For example, in certain embodiments the sealer and/or the topcoat
are deposited from a composition comprising a polymer comprising an
alkyd portion and a free radical curable portion, such as is
described in U.S. patent application Publication No. 2004-0013895
A1, which is incorporated by reference herein. In certain
embodiments, the radiation, curable composition from which at least
one of the sealer and topcoat is deposited comprises a 100% solids
or a waterborne composition.
[0053] In certain embodiments, the sealer and/or topcoat are
deposited from a radiation curable composition that comprises a
radiation curable material susceptible to cationic cure. In such
cases, it is often desirable to include a cationic photoinitiator
in the coating composition from which the colorant layer and/or the
treatment layer is deposited. In other embodiments of the present
invention, the sealer and/or topcoat are deposited from a radiation
curable composition that comprises a radiation curable material
susceptible to free radical cure. In such cases, it is often
desirable to include a free radical photoinitiator in the coating
composition from which the colorant layer and/or the treatment
layer is deposited.
[0054] In certain embodiments, the treatment layer is first applied
to the substrate, followed by the colorant layer and at least one
of a sealer and a topcoat. In other embodiments of the present
invention, however, a toner is first applied to the substrate. In
such embodiments, the toner may or may not undergo oxidative cure
before application of a treatment layer, followed by application of
a stain, which is applied to the substrate after the treatment
layer is allowed to dry. The stain may or may not undergo oxidative
cure before application of the sealer and/or topcoat (application
of the sealer and/or topcoat to the uncured stain and/or toner will
be understood by one skilled in the art as a "wet on wet"
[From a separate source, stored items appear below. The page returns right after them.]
(* Let $q$ be a prime power, $m\geq1$, $n\geq2$, and let $r=(r_1,\ldots,r_n)\in\mathbb{F}_{q^m}^n$ with $\mathbb{F}_q(r_1,\ldots,r_n)=\mathbb{F}_{q^m}$. Let $m_i=[\mathbb{F}_q(r_i):\mathbb{F}_q]$ and suppose $m_1\geq m_2\geq\cdots\geq m_n$ with at least one strict inequality. Then there exists $f\in\mathbb{F}_q[X_1,\ldots,X_{n-1}]$ such that $[\mathbb{F}_q(r_n+f(r_1,\ldots,r_{n-1})):\mathbb{F}_q]>m_n$. *)

theory Defs
  imports Main "HOL-Library.Poly_Mapping"
begin

definition is_subfield :: "'a::field set \<Rightarrow> bool" where
  "is_subfield S \<longleftrightarrow> 0 \<in> S \<and> 1 \<in> S \<and>
     (\<forall>x\<in>S. \<forall>y\<in>S. x + y \<in> S \<and> x * y \<in> S) \<and>
     (\<forall>x\<in>S. - x \<in> S \<and> inverse x \<in> S)"

definition gen_field :: "'a::field set \<Rightarrow> 'a set \<Rightarrow> 'a set" where
  "gen_field S A = \<Inter> {T. is_subfield T \<and> S \<union> A \<subseteq> T}"

definition span_over :: "'a::field set \<Rightarrow> 'a set \<Rightarrow> 'a set" where
  "span_over S B = {\<Sum>b\<in>B. c b * b | c. \<forall>b\<in>B. c b \<in> S}"

definition ext_degree :: "'a::field set \<Rightarrow> 'a set \<Rightarrow> nat" where
  "ext_degree S E = (LEAST d. \<exists>B. finite B \<and> card B = d \<and> B \<subseteq> E \<and> E \<subseteq> span_over S B)"
(* Let $X$ be a countably infinite set. The lattice $\mathrm{Cl}_{loc}(X)$ of local clones on $X$ does not embed (as a lattice) into the clone lattice $\mathrm{Cl}(A)$ over any finite set $A$.
   Context: For a set $Y$, a clone on $Y$ is a set of finitary operations on $Y$ containing all projections and closed under composition; $\mathrm{Cl}(Y)$ is the lattice of all clones on $Y$ ordered by inclusion. Giving $X$ the discrete topology and $X^{X^n}$ the product topology, a clone on $X$ is local if for each $n\ge1$ its set of $n$-ary operations is closed in $X^{X^n}$; equivalently, an $n$-ary operation $g$ belongs to the clone whenever for every finite $B\subseteq X^n$ some $n$-ary operation of the clone agrees with $g$ on $B$. $\mathrm{Cl}_{loc}(X)$ is the complete lattice of local clones on $X$ ordered by inclusion. A lattice embedding is an injective map preserving binary meets and joins. *)

theory Defs
  imports "HOL-Library.Countable_Set"
begin

text \<open>A finitary operation on a set Y is represented as a pair (n, f) where n \<ge> 1 is
the arity and f acts on argument lists of length n with entries in Y; outside of
that domain f is fixed to undefined (so operations are extensional).\<close>

type_synonym 'a operation = "nat \<times> ('a list \<Rightarrow> 'a)"
lemma surj:
  assumes "archimedean_vl TYPE('a)" and "ru_complete TYPE('a)"
  shows "surj T"
  unfolding surj_def
proof
  fix x
  obtain H where LH: "fst (bisection x n) \<le> H" and HU: "H \<le> snd (bisection x n)" for n
    using bisection_limit[OF assms] by metis
  define g where "g = 2 *\<^sub>R vabs x"
  have "0 \<le> g"
    by (simp add: g_def scaleR_nonneg_nonneg)
  then have "0 \<le> T g"
    using expansive[OF \<open>0 \<le> g\<close>] by (rule order_trans)
  have close: "vabs (T H - x) \<le> (1 / 2) ^ n *\<^sub>R T g" for n
  proof -
    let ?L = "fst (bisection x n)" and ?U = "snd (bisection x n)"
    have "T ?U - T ?L = T (?U - ?L)"
      by (simp add: map_diff)
    also have "\<dots> \<le> T ((1 / 2) ^ n *\<^sub>R g)"
      using bisection[of x n] by (intro mono) (simp add: g_def)
    also have "\<dots> = (1 / 2) ^ n *\<^sub>R T g"
      by (rule map_scaleR)
    finally have width: "T ?U - T ?L \<le> (1 / 2) ^ n *\<^sub>R T g" .
    have "T H - x \<le> T ?U - T ?L" "- (T H - x) \<le> T ?U - T ?L"
      using mono[OF LH] mono[OF HU] bisection[of x n] by (auto intro: diff_mono)
    with width show ?thesis
      unfolding vl.abs_le_iff by (auto dest: order_trans)
  qed
  have "vabs (T H - x) \<le> \<epsilon> *\<^sub>R T g" if \<epsilon>: "0 < \<epsilon>" for \<epsilon>
  proof -
    obtain n where "(1 / 2) ^ n *\<^sub>R T g \<le> \<epsilon> *\<^sub>R T g"
      using \<open>0 \<le> T g\<close> \<epsilon> by (rule half_power_scaleR_le)
    with close[of n] show ?thesis
      by (rule order_trans)
  qed
  then have "vabs (T H - x) = 0"
    using assms(1) by (intro archimedean_vl_eq_0) simp_all
  then show "\<exists>v. x = T v"
    by auto
qed

end

section \<open>f-algebras\<close>

context
  assumes f_algebra: "f_algebra TYPE('a::{real_algebra,ordered_real_vector,lattice})"
begin

lemma f_mult_nonneg: "0 \<le> a \<Longrightarrow> 0 \<le> b \<Longrightarrow> 0 \<le> a * b" for a b :: 'a
  using f_algebra by (simp add: f_algebra_def)

lemma f_inf_mult_eq_0:
  fixes a b c :: 'a
  assumes "inf a b = 0" and "0 \<le> c"
  shows "inf (c * a) b = 0" and "inf (a * c) b = 0"
  using f_algebra assms by (simp_all add: f_algebra_def)

lemma f_mult_left_mono: "0 \<le> c \<Longrightarrow> a \<le> b \<Longrightarrow> c * a \<le> c * b" for a b c :: 'a
  using f_mult_nonneg[of c "b - a"] by (simp add: right_diff_distrib)

lemma f_mult_right_mono: "0 \<le> c \<Longrightarrow> a \<le> b \<Longrightarrow> a * c \<le> b * c" for a b c :: 'a
  using f_mult_nonneg[of "b - a" c] by (simp add: left_diff_distrib)

lemma f_mult_eq_0_of_inf_eq_0:
  fixes a b :: 'a
  assumes "inf a b = 0"
  shows "a * b = 0"
proof -
  have "0 \<le> a" "0 \<le> b"
    using vl.nonneg_left_of_inf_eq_0[OF assms] vl.nonneg_right_of_inf_eq_0[OF assms] .
  have "inf (a * b) b = 0"
    by (rule f_inf_mult_eq_0(2)[OF assms \<open>0 \<le> b\<close>])
  then have "inf b (a * b) = 0"
    by (simp add: inf_commute)
  then have "inf (a * b) (a * b) = 0"
    by (rule f_inf_mult_eq_0(1)[OF _ \<open>0 \<le> a\<close>])
  then show ?thesis
    by simp
qed

lemma f_mult_self_eq_vabs: "a * a = vabs a * vabs a" for a :: 'a
proof -
  define p n where "p = vl.pprt a" and "n = - vl.nprt a"
  have "inf p n = 0"
    unfolding p_def n_def by (rule vl.inf_pprt_minus_nprt)
  then have "p * n = 0" "n * p = 0"
    by (simp_all add: f_mult_eq_0_of_inf_eq_0 inf_commute)
  have "a * a = (p - n) * (p - n)"
    by (simp add: p_def n_def flip: vl.prts)
  also have "\<dots> = (p + n) * (p + n)"
    using \<open>p * n = 0\<close> \<open>n * p = 0\<close> by (simp add: algebra_simps)
  also have "\<dots> = vabs a * vabs a"
    by (simp add: p_def n_def vl.abs_prts)
  finally show ?thesis .
qed

lemma f_inf_mult_mult_eq_0:
  fixes a b c :: 'a
  assumes "inf a b = 0" and "0 \<le> c"
  shows "inf (c * a) (c * b) = 0"
proof -
  have "inf b (c * a) = 0"
    using f_inf_mult_eq_0(1)[OF assms] by (simp add: inf_commute)
  then have "inf (c * b) (c * a) = 0"
    by (rule f_inf_mult_eq_0(1)[OF _ assms(2)])
  then show ?thesis
    by (simp add: inf_commute)
qed

lemma f_riesz_hom_mult_left:
  fixes c :: 'a
  assumes "0 \<le> c"
  shows "riesz_hom (\<lambda>a. c * a)"
proof (rule riesz_homI_disjoint)
  show "linear (\<lambda>a. c * a)"
    by (rule linearI) (simp_all add: distrib_left)
  show "inf (c * p) (c * n) = 0" if "inf p n = 0" for p n
    using that assms by (rule f_inf_mult_mult_eq_0)
qed

lemma f_expansive_riesz_hom_add_mult:
  fixes s :: 'a
  assumes "0 \<le> s"
  shows "expansive_riesz_hom (\<lambda>a. a + s * a)"
proof (intro expansive_riesz_hom.intro expansive_riesz_hom_axioms.intro riesz_homI_disjoint)
  show "linear (\<lambda>a. a + s * a)"
    by (rule linearI) (simp_all add: algebra_simps)
  show "a \<le> a + s * a" if "0 \<le> a" for a
    using f_mult_nonneg[OF assms that] by simp
  show "inf (p + s * p) (n + s * n) = 0" if "inf p n = 0" for p n
  proof (rule vl.inf_add_add_eq_0[OF that])
    have "inf n p = 0"
      using that by (simp add: inf_commute)
    from f_inf_mult_eq_0(1)[OF this assms] show "inf p (s * n) = 0"
      by (simp add: inf_commute)
    show "inf (s * p) n = 0"
      using that assms by (rule f_inf_mult_eq_0(1))
    show "inf (s * p) (s * n) = 0"
      using that assms by (rule f_inf_mult_mult_eq_0)
  qed
qed

context
  assumes semiprime: "semiprime TYPE('a)"
begin

lemma f_inf_eq_0_of_mult_eq_0:
  fixes a b :: 'a
  assumes "0 \<le> a" and "0 \<le> b" and "a * b = 0"
  shows "inf a b = 0"
proof -
  define m where "m = inf a b"
  have "0 \<le> m"
    using assms(1,2) by (simp add: m_def)
  have "m * m \<le> a * m"
    using f_mult_right_mono[OF \<open>0 \<le> m\<close>] by (simp add: m_def)
  also have "\<dots> \<le> a * b"
    using f_mult_left_mono[OF \<open>0 \<le> a\<close>] by (simp add: m_def)
  finally have "m * m = 0"
    using f_mult_nonneg[OF \<open>0 \<le> m\<close> \<open>0 \<le> m\<close>] assms(3) by simp
  then have "nilpotent m"
    unfolding nilpotent_def by (intro exI[of _ 1]) simp
  then show ?thesis
    using semiprime unfolding semiprime_def m_def by blast
qed
text \<open>The inner integral vanishes up to time \<open>-\<epsilon>\<close> and is bounded by \<open>C K\<close> afterwards.\<close>

lemma norm_double_integral_le_mass:
  fixes \<phi> :: "real \<Rightarrow> 'a::banach"
  assumes "continuous_on {-1..t} \<phi>" and "-1 \<le> t" and "0 \<le> K"
    and \<phi>_le: "\<And>q. q \<in> {-1..t} \<Longrightarrow> norm (\<phi> q) \<le> K * \<bar>r q\<bar>"
  shows "norm (double_integral \<phi> t) \<le> max 0 (t + \<epsilon>) * (C * K)"
proof -
  define \<psi> where "\<psi> s = integral {-1..s} \<phi>" for s
  define c where "c = min t (-\<epsilon>)"
  have c: "-1 \<le> c" "c \<le> t" "t - c = max 0 (t + \<epsilon>)"
    using assms(2) width unfolding c_def by auto
  have \<psi>_cont: "continuous_on {-1..t} \<psi>"
    unfolding \<psi>_def using assms(1) by (rule continuous_on_indefinite_integral)
  have \<phi>_int: "\<phi> integrable_on {-1..s}" if "s \<le> t" for s
    using assms(1) that by (intro integrable_on_subinterval_continuous[of "-1" t]) auto
  have \<psi>_le: "norm (\<psi> s) \<le> C * K" if "s \<in> {-1..t}" for s
  proof -
    have "norm (\<psi> s) \<le> integral {-1..s} (\<lambda>q. K * \<bar>r q\<bar>)"
      unfolding \<psi>_def using that continuous
      by (intro integral_norm_bound_integral \<phi>_int integrable_continuous_real continuous_intros \<phi>_le)
        (auto intro: continuous_on_subset)
    also have "\<dots> \<le> K * C"
      using mass_le \<open>0 \<le> K\<close> by (simp add: mult_left_mono)
    finally show ?thesis by (simp add: mult.commute)
  qed
  have \<psi>_zero: "\<psi> s = 0" if "s \<in> {-1..c}" for s
  proof -
    have "\<phi> q = 0" if "q \<in> {-1..s}" for q
      using \<phi>_le[of q] vanishes[of q] that \<open>s \<in> {-1..c}\<close> c unfolding c_def by auto
    then have "integral {-1..s} \<phi> = integral {-1..s} (\<lambda>_. 0::'a)" by (intro integral_cong) auto
    then show ?thesis unfolding \<psi>_def by simp
  qed
  have "double_integral \<phi> t = integral {-1..c} \<psi> + integral {c..t} \<psi>"
    unfolding double_integral_def \<psi>_def[symmetric] using c \<psi>_cont
    by (intro Henstock_Kurzweil_Integration.integral_combine[symmetric] integrable_continuous_real) auto
  also have "\<dots> = integral {c..t} \<psi>"
    using integral_cong[of "{-1..c}" \<psi> "\<lambda>_. 0"] \<psi>_zero by simp
  finally have "norm (double_integral \<phi> t) = norm (integral {c..t} \<psi>)" by simp
  also have "\<dots> \<le> integral {c..t} (\<lambda>_. C * K)"
    using c \<psi>_cont \<psi>_le
    by (intro integral_norm_bound_integral integrable_on_subinterval_continuous[of "-1" t]) auto
  also have "\<dots> = max 0 (t + \<epsilon>) * (C * K)"
    using c by simp
  finally show ?thesis .
qed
application). After the sealer and/or topcoat is applied, these
layers are at least partially cured. While not being bound by any
theory, it is believed that some radiation curable monomers present
in the sealer and/or topcoat radiation curable compositions may
migrate into the stain layer, the toner layer, the treatment layer
and/or the porous substrate during application and prior to cure.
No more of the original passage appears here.